Seen as concert music, well, I think that the Suites that Lev Avtomian put together is quite fun even if they are quite lite in character.

Chailly and Järvi Sr have both recorded several albums with the lighter Shostakovich!

/ptr


----------



## elgar's ghost (Aug 8, 2010)

ptr said:


> I've seem most of the films that Shostakovich wrote film music for (I wrote a paper on the subject when I took musicology), in general I think that it is quite effective seen as a film score, there is of course (like for almost all film composers) a lot of reusing of phrases and ideas making most of it recognisably Shostakovian. IMHO, the best ones are "The Fall of Berlin" and the two Shakespeare films by Kozintsev. And in contrary to popular belief, Shostakovich did not score Eisenstein's Battleship Potemkin (but excerpts of his music was used for the 50th anniversary release in 1975), the original Potemkin score was by Austrian Edmund Meisel and is quite fun!
> 
> Seen as concert music, well, I think that the Suites that Lev Avtomian put together is quite fun even if they are quite lite in character.
> 
> ...


Interesting post, ptr (I thought I'd highlight the salient part in an appropriate shade of Socialist Red). I quite like the music from The Fall of Berlin, too. Do you recall if the film itself was worth watching? As comtemporary Soviet reviewers were falling over themselves to praise it (probably to ingratiate themselves with Stalin seeing it's a film that emphasised how wise a statesman and how great a leader he was), I was a little bit sceptical!


----------



## ptr (Jan 22, 2013)

elgars ghost said:


> Interesting post, ptr (I thought I'd highlight the salient part in an appropriate shade of Socialist Red). I quite like the music from The Fall of Berlin, too. Do you recall if the film itself was worth watching? As comtemporary Soviet reviewers were falling over themselves to praise it (probably to ingratiate themselves with Stalin seeing it's a film that emphasised how wise a statesman and how great a leader he was), I was a little bit sceptical!

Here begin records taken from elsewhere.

(* Let $n$ be even and let $G$ be a bipartite graph with parts $V_1=\{v^1_1,\dots,v^1_n\}$ and $V_2=\{v^2_1,\dots,v^2_n\}$, with maximum matching size $\alpha(G)$. Let $G'$ be the graph on vertex set $V_0\cup V_1\cup V_2\cup V_3\cup V_4$, where $V_0=\{v^0_1,\dots,v^0_{n/2}\}$, $V_3=\{v^3_1,\dots,v^3_n\}$, $V_4=\{v^4_1,\dots,v^4_{n/2}\}$ are new vertices, with edge set consisting of: $v^0_i v^1_{2i-1}$ and $v^0_i v^1_{2i}$ for all $i\in[n/2]$; all edges of $G$ between $V_1$ and $V_2$; $v^2_i v^3_i$ for all $i\in[n]$; and $v^3_i v^4_j$ for all $i\in[n]$, $j\in[n/2]$. Then (a) for every matching $M$ of $G$ there is a TSP tour of $G'$ of $(1,2)$-cost at most $5n-|M|$, and (b) every TSP tour of $G'$ has $(1,2)$-cost at least $5n-\alpha(G)$. Consequently the optimal $(1,2)$-TSP cost of $G'$ (which has $4n$ vertices) equals $5n-\alpha(G)$.
   Context: For a graph $F=(V,E)$, the $(1,2)$-cost of a TSP tour (a cyclic ordering $(v_1,\dots,v_N)$ of $V$) is $\sum_{i=1}^N D(v_i,v_{i+1})$ with $v_{N+1}=v_1$, where $D(u,v)=1$ if $uv\in E$ and $D(u,v)=2$ otherwise; the optimal $(1,2)$-TSP cost is the minimum over tours. *)

theory Defs
  imports Main
begin

definition D12 :: "('v \<Rightarrow> 'v \<Rightarrow> bool) \<Rightarrow> 'v \<Rightarrow> 'v \<Rightarrow> nat" where
  "D12 Ed u v = (if Ed u v then 1 else 2)"

text \<open>A TSP tour of vertex set V: a cyclic ordering, represented by a list enumerating V once.\<close>
definition is_tour :: "'v set \<Rightarrow> 'v list \<Rightarrow> bool" where
  "is_tour V xs \<longleftrightarrow> distinct xs \<and> set xs = V"

definition tour_cost :: "('v \<Rightarrow> 'v \<Rightarrow> bool) \<Rightarrow> 'v list \<Rightarrow> nat" where
  "tour_cost Ed xs = (\<Sum>i<length xs. D12 Ed (xs ! i) (xs ! ((i + 1) mod length xs)))"

definition opt_tsp :: "'v set \<Rightarrow> ('v \<Rightarrow> 'v \<Rightarrow> bool) \<Rightarrow> nat" where
  "opt_tsp V Ed = Min {tour_cost Ed xs | xs. is_tour V xs}"

text \<open>G is given by E :: nat => nat => bool, where E i j means v^1_i v^2_j is an edge
  (only i, j in {1..n} are relevant). A matching is a set of pairs (i,j) of edges,
  pairwise vertex-disjoint.\<close>
definition bip_matching :: "nat \<Rightarrow> (nat \<Rightarrow> nat \<Rightarrow> bool) \<Rightarrow> (nat \<times> nat) set \<Rightarrow> bool" where
  "bip_matching n E M \<longleftrightarrow>
     M \<subseteq> {(i, j). i \<in> {1..n} \<and> j \<in> {1..n} \<and> E i j} \<and>
     (\<forall>(i, j) \<in> M. \<forall>(i', j') \<in> M. (i, j) \<noteq> (i', j') \<longrightarrow> i \<noteq> i' \<and> j \<noteq> j')"

definition max_matching :: "nat \<Rightarrow> (nat \<Rightarrow> nat \<Rightarrow> bool) \<Rightarrow> nat" where
  "max_matching n E = Max {card M | M. bip_matching n E M}"

text \<open>Vertex v^k_i is encoded as the pair (k, i).\<close>
definition Gp_verts :: "nat \<Rightarrow> (nat \<times> nat) set" where
  "Gp_verts n = ({0, 4} \<times> {1..n div 2}) \<union> ({1, 2, 3} \<times> {1..n})"

fun Gp_base :: "nat \<Rightarrow> (nat \<Rightarrow> nat \<Rightarrow> bool) \<Rightarrow> nat \<times> nat \<Rightarrow> nat \<times> nat \<Rightarrow> bool" where
  "Gp_base n E (a, i) (b, j) =
     ((a = 0 \<and> b = 1 \<and> i \<in> {1..n div 2} \<and> (j = 2 * i - 1 \<or> j = 2 * i)) \<or>
      (a = 1 \<and> b = 2 \<and> i \<in> {1..n} \<and> j \<in> {1..n} \<and> E i j) \<or>
      (a = 2 \<and> b = 3 \<and> i \<in> {1..n} \<and> j = i) \<or>
      (a = 3 \<and> b = 4 \<and> i \<in> {1..n} \<and> j \<in> {1..n div 2}))"

definition Gp_edge :: "nat \<Rightarrow> (nat \<Rightarrow> nat \<Rightarrow> bool) \<Rightarrow> nat \<times> nat \<Rightarrow> nat \<times> nat \<Rightarrow> bool" where
  "Gp_edge n E u v \<longleftrightarrow> Gp_base n E u v \<or> Gp_base n E v u"

end

theory Submission
  imports Defs
begin

text \<open>Upper bound: extend the matching \<open>M\<close> to a bijection \<open>\<sigma>\<close> between \<open>V\<^sub>1\<close> and \<open>V\<^sub>2\<close> and
  walk through \<open>n/2\<close> blocks \<open>v\<^sup>0\<^sub>i, v\<^sup>1\<^sub>2\<^sub>i, v\<^sup>2, v\<^sup>3, v\<^sup>4\<^sub>i, v\<^sup>3, v\<^sup>2, v\<^sup>1\<^sub>2\<^sub>i\<^sub>+\<^sub>1\<close> (indices of \<open>V\<^sub>1\<close> cyclic),
  using \<open>\<sigma>\<close> between \<open>V\<^sub>1\<close> and \<open>V\<^sub>2\<close>. All \<open>4n\<close> steps are edges except the \<open>V\<^sub>1\<close>-\<open>V\<^sub>2\<close> steps at the
  \<open>n - |M|\<close> unmatched vertices, so the cost is at most \<open>5n - |M|\<close>.

  Lower bound: a tour costs \<open>8n\<close> minus the number of its steps along edges of \<open>G'\<close>; we show there are
  at most \<open>3n + \<alpha>(G)\<close> such steps. Steps at \<open>V\<^sub>4\<close> number at most \<open>2|V\<^sub>4| = n\<close>. A vertex of \<open>V\<^sub>1\<close>
  (of \<open>V\<^sub>2\<close>) lies on at most two steps and has a single neighbour in \<open>V\<^sub>0\<close> (in \<open>V\<^sub>3\<close>), so it carries
  a \<open>V\<^sub>0\<close>-step (\<open>V\<^sub>3\<close>-step) only if it carries fewer than two \<open>V\<^sub>1\<close>-\<open>V\<^sub>2\<close> steps, and then just one.
  Finally the \<open>V\<^sub>1\<close>-\<open>V\<^sub>2\<close> steps form a subgraph of \<open>G\<close> of maximum degree 2, which contains a
  matching missing at most one of its edges per vertex of degree 2.\<close>

definition tour_succ :: "'a list \<Rightarrow> nat \<Rightarrow> 'a" where
  "tour_succ xs i = xs ! ((i + 1) mod length xs)"

definition steps_at :: "'a list \<Rightarrow> 'a \<Rightarrow> nat set" where
  "steps_at xs v = {i. i < length xs \<and> (xs ! i = v \<or> tour_succ xs i = v)}"

lemma finite_steps_at [simp]: "finite (steps_at xs v)"
  by (simp add: steps_at_def)

lemma Suc_mod_eq_if: "i < N \<Longrightarrow> (i + 1) mod N = (if i + 1 = N then 0 else i + (1::nat))"
  by (simp add: Suc_lessI)

lemma Suc_mod_inj:
  assumes "i < N" "j < N" "(i + 1) mod N = (j + 1) mod (N::nat)"
  shows "i = j"
  using assms(3) unfolding Suc_mod_eq_if[OF assms(1)] Suc_mod_eq_if[OF assms(2)]
  by (auto split: if_splits)

lemma tour_succ_eq_nth_iff:
  assumes "distinct xs" "i < length xs" "j < length xs"
  shows "tour_succ xs i = xs ! j \<longleftrightarrow> j = (i + 1) mod length xs"
proof -
  have "(i + 1) mod length xs < length xs" using assms(2) by (auto intro: mod_less_divisor)
  then show ?thesis
    using nth_eq_iff_index_eq[OF assms(1) _ assms(3)] by (auto simp: tour_succ_def)
qed

lemma card_steps_at_le:
  assumes "distinct xs"
  shows "card (steps_at xs v) \<le> 2"
proof -
  let ?A = "{i. i < length xs \<and> xs ! i = v}" and ?B = "{i. i < length xs \<and> tour_succ xs i = v}"
  have "card ?A \<le> 1"
    using nth_eq_iff_index_eq[OF assms] by (auto simp: card_le_Suc0_iff_eq)
  moreover have "card ?B \<le> 1"
  proof -
    have "i = j" if "i < length xs" "j < length xs" "tour_succ xs i = tour_succ xs j" for i j
    proof -
      have "(i + 1) mod length xs < length xs" "(j + 1) mod length xs < length xs"
        using that(1,2) by (auto intro: mod_less_divisor)
      then show ?thesis
        using that Suc_mod_inj[OF that(1,2)] nth_eq_iff_index_eq[OF assms] by (simp add: tour_succ_def)
    qed
    then show ?thesis by (auto simp: card_le_Suc0_iff_eq)
  qed
  moreover have "steps_at xs v = ?A \<union> ?B"
    by (auto simp: steps_at_def)
  then have "card (steps_at xs v) \<le> card ?A + card ?B"
    by (simp only: card_Un_le)
  ultimately show ?thesis by linarith
qed

text \<open>Two distinct steps joining the same pair of vertices would go back and forth,
  which is impossible on a cycle of length at least 3.\<close>
lemma card_steps_between_le:
  assumes "distinct xs" "3 \<le> length xs" "v \<noteq> y"
  shows "card (steps_at xs v \<inter> steps_at xs y) \<le> 1"
proof -
  let ?N = "length xs"
  have "i = j" if i: "i \<in> steps_at xs v \<inter> steps_at xs y" and j: "j \<in> steps_at xs v \<inter> steps_at xs y" for i j
  proof (rule ccontr)
    assume "i \<noteq> j"
    have ij: "i < ?N" "j < ?N" using i j by (auto simp: steps_at_def)
    then have "xs ! i \<noteq> xs ! j" using \<open>i \<noteq> j\<close> assms(1) by (simp add: nth_eq_iff_index_eq)
    then have "tour_succ xs i = xs ! j \<and> tour_succ xs j = xs ! i"
      using i j assms(3) by (auto simp: steps_at_def)
    then have j_succ: "j = (i + 1) mod ?N" and i_succ: "i = (j + 1) mod ?N"
      using tour_succ_eq_nth_iff[OF assms(1)] ij by blast+
    have "(j = 0 \<and> i + 1 = ?N) \<or> j = i + 1"
      using j_succ unfolding Suc_mod_eq_if[OF ij(1)] by (simp split: if_split_asm)
    moreover have "(i = 0 \<and> j + 1 = ?N) \<or> i = j + 1"
      using i_succ unfolding Suc_mod_eq_if[OF ij(2)] by (simp split: if_split_asm)
    ultimately show False using assms(2) by presburger
  qed
  then show ?thesis by (auto simp: card_le_Suc0_iff_eq)
qed

lemma card_Int_steps_at_less_2:
  assumes "distinct xs" "i \<in> steps_at xs v" "i \<notin> S"
  shows "card (S \<inter> steps_at xs v) < 2"
proof -
  have "card (insert i (S \<inter> steps_at xs v)) \<le> card (steps_at xs v)"
    using assms(2) by (intro card_mono) auto
  moreover have "card (insert i (S \<inter> steps_at xs v)) = card (S \<inter> steps_at xs v) + 1"
    using assms(3) by simp
  ultimately show ?thesis using card_steps_at_le[OF assms(1), of v] by linarith
qed

lemma card_steps_to_partners_le:
  assumes "distinct xs" "3 \<le> length xs" "finite Q" "\<And>v. v \<in> Q \<Longrightarrow> p v \<noteq> v"
  shows "card (\<Union>v\<in>Q. steps_at xs v \<inter> steps_at xs (p v)) \<le> card Q"
proof -
  have "card (\<Union>v\<in>Q. steps_at xs v \<inter> steps_at xs (p v)) \<le> (\<Sum>v\<in>Q. card (steps_at xs v \<inter> steps_at xs (p v)))"
    using assms(3) by (rule card_UN_le)
  also have "\<dots> \<le> (\<Sum>v\<in>Q. 1)"
    by (rule sum_mono, rule card_steps_between_le[OF assms(1,2)]) (use assms(4) in fastforce)
  finally show ?thesis by simp
qed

Well this is not a one way question, I quite remember it, it is full of blond positive socialist retorik and when Stalin is introduced , he descends on the the believers as the elder statesman / god with a giant prosthetic face... If You have an interest in Soviet film/History its a fun pastime... Otherwise watching the YT trailer below goes a long way... 






/ptr


----------



## elgar's ghost (Aug 8, 2010)

ptr said:


> Well this is not a one way question, I quite remember it, it is full of blond positive socialist retorik and when Stalin is introduced , he descends on the the believers as the elder statesman / god with a giant prosthetic face... If You have an interest in Soviet film/History its a fun pastime... Otherwise watching the YT trailer below goes a long way...
> /ptr


Yes, I see...methinks I'll settle on just the music for now. As usual on youtube with this kind of stuff some of the real comedy is to be found reading the more meat-headed reaction comments underneath the screen.


----------



## JACE (Jul 18, 2014)

I've enjoyed Shostakovich's film music on this 2-CD set:










*Shostakovich: Orchestral Works / Gennady Rozhdestvensky, USSR Ministry of Culture SO*
It includes music from the following films:

The Tale of the Priest and His Servant Balda
Alone
The Adventures of Korzinkina (A Ticket to the Fifth Zone)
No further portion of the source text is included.